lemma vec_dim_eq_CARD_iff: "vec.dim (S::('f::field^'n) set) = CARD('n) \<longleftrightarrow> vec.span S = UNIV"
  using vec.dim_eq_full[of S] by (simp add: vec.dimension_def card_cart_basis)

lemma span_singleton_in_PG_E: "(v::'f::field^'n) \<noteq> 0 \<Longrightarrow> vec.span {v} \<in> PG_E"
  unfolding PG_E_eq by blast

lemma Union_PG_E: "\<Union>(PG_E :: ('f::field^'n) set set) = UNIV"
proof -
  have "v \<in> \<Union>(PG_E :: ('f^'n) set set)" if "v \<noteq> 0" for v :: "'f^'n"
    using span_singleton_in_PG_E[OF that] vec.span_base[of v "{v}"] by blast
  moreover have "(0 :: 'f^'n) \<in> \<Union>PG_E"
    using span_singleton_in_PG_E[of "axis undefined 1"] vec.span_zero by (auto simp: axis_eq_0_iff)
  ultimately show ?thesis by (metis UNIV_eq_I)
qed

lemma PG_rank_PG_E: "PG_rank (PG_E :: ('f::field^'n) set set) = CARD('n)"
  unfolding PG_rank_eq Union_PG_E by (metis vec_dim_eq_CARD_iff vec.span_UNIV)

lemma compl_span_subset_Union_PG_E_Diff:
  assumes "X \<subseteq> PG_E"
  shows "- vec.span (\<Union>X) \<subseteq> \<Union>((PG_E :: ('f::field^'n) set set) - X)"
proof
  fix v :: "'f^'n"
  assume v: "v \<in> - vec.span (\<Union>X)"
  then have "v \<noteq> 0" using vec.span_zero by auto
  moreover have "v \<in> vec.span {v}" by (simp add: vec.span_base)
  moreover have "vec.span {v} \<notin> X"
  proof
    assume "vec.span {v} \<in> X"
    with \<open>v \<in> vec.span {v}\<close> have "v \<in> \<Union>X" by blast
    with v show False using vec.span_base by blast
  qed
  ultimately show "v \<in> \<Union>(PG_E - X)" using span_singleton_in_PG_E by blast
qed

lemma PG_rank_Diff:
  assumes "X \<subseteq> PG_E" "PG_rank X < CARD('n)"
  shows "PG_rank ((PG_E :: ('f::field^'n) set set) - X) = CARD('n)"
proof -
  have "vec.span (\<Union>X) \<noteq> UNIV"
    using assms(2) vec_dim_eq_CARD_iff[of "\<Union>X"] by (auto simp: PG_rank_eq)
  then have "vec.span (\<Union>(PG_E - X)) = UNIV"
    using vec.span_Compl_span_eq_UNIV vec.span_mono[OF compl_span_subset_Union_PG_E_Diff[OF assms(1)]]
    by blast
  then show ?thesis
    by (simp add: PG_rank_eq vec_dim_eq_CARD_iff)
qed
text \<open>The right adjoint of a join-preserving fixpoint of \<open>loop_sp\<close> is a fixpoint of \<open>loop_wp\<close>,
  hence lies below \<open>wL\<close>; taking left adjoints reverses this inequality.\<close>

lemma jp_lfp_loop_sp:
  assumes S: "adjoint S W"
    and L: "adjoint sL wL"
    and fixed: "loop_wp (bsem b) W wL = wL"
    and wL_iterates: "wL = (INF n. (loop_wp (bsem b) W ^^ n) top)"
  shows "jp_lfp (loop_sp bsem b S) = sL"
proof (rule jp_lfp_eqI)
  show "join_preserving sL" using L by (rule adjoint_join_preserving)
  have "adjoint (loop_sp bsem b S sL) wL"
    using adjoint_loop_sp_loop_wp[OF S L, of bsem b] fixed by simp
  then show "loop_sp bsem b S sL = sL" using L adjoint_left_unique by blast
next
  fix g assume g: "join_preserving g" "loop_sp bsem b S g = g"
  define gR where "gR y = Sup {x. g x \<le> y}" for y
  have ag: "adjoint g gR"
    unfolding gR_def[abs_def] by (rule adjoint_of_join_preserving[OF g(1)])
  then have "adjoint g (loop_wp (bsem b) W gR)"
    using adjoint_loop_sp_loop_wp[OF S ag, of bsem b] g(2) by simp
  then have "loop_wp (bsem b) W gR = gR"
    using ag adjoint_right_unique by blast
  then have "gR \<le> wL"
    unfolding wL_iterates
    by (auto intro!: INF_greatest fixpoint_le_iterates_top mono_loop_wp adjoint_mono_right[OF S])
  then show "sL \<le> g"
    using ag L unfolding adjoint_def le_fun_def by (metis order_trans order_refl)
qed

# # #

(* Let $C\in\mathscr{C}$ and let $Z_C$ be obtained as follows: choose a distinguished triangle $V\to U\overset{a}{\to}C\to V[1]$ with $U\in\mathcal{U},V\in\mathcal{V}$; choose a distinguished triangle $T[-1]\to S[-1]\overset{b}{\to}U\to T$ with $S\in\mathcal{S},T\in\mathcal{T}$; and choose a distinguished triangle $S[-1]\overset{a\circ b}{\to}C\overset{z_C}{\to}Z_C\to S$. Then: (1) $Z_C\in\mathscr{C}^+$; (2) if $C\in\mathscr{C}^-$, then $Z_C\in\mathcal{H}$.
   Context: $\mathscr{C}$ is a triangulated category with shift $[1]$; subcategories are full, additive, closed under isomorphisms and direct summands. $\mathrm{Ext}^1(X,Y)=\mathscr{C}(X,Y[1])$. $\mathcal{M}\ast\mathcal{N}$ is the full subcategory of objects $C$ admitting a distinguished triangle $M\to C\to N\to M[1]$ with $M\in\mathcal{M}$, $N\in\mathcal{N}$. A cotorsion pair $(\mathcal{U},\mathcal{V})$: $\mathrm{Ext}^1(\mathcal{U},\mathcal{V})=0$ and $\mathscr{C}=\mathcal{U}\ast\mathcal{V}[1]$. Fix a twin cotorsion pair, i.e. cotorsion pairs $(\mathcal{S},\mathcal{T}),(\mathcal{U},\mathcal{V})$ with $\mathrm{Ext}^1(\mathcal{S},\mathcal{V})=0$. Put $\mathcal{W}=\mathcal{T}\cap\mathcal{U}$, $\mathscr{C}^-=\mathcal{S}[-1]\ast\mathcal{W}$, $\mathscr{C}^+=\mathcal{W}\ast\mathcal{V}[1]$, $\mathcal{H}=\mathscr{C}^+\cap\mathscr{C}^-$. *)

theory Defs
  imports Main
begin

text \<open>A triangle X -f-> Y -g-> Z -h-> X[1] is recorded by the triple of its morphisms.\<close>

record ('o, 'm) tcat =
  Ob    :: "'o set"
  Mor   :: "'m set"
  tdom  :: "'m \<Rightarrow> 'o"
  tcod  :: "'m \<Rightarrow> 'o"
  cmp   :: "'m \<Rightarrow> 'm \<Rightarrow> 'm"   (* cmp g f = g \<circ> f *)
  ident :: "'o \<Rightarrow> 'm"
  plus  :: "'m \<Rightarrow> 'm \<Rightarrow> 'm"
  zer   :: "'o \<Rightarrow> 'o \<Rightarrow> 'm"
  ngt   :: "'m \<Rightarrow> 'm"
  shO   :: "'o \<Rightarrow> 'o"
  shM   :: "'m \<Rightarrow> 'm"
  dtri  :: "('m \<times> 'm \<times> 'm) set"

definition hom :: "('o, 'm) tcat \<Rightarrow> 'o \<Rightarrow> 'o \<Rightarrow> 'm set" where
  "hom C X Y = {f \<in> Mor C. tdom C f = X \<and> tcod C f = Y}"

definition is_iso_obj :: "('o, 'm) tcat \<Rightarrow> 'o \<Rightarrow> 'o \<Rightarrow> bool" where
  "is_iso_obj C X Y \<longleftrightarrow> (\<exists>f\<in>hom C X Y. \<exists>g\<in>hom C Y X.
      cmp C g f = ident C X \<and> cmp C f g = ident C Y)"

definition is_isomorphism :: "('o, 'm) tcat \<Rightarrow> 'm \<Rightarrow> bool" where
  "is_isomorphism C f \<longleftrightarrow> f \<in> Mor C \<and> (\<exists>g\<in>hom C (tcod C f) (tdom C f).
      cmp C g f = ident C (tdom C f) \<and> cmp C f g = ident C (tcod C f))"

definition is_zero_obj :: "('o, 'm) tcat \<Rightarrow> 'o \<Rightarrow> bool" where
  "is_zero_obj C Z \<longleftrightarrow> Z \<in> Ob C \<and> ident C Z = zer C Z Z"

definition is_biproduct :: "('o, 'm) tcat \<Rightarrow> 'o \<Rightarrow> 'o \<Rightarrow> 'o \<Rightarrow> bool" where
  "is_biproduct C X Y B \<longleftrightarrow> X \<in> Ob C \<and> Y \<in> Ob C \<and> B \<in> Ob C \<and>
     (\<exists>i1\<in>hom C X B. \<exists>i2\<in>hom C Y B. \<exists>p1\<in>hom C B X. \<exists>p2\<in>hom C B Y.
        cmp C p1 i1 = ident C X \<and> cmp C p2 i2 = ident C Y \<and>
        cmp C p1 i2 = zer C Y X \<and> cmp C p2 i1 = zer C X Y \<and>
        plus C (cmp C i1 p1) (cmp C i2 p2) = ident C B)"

# # #

- [Exercise description]: Take each line of the material that contains the word "auto" and list it.

- [Task output]:
    using span_singleton_in_PG_E[of "axis undefined 1"] vec.span_zero by (auto simp: axis_eq_0_iff)
  then have "v \<noteq> 0" using vec.span_zero by auto
    using assms(2) vec_dim_eq_CARD_iff[of "\<Union>X"] by (auto simp: PG_rank_eq)
    by (auto intro!: INF_greatest fixpoint_le_iterates_top mono_loop_wp adjoint_mono_right[OF S])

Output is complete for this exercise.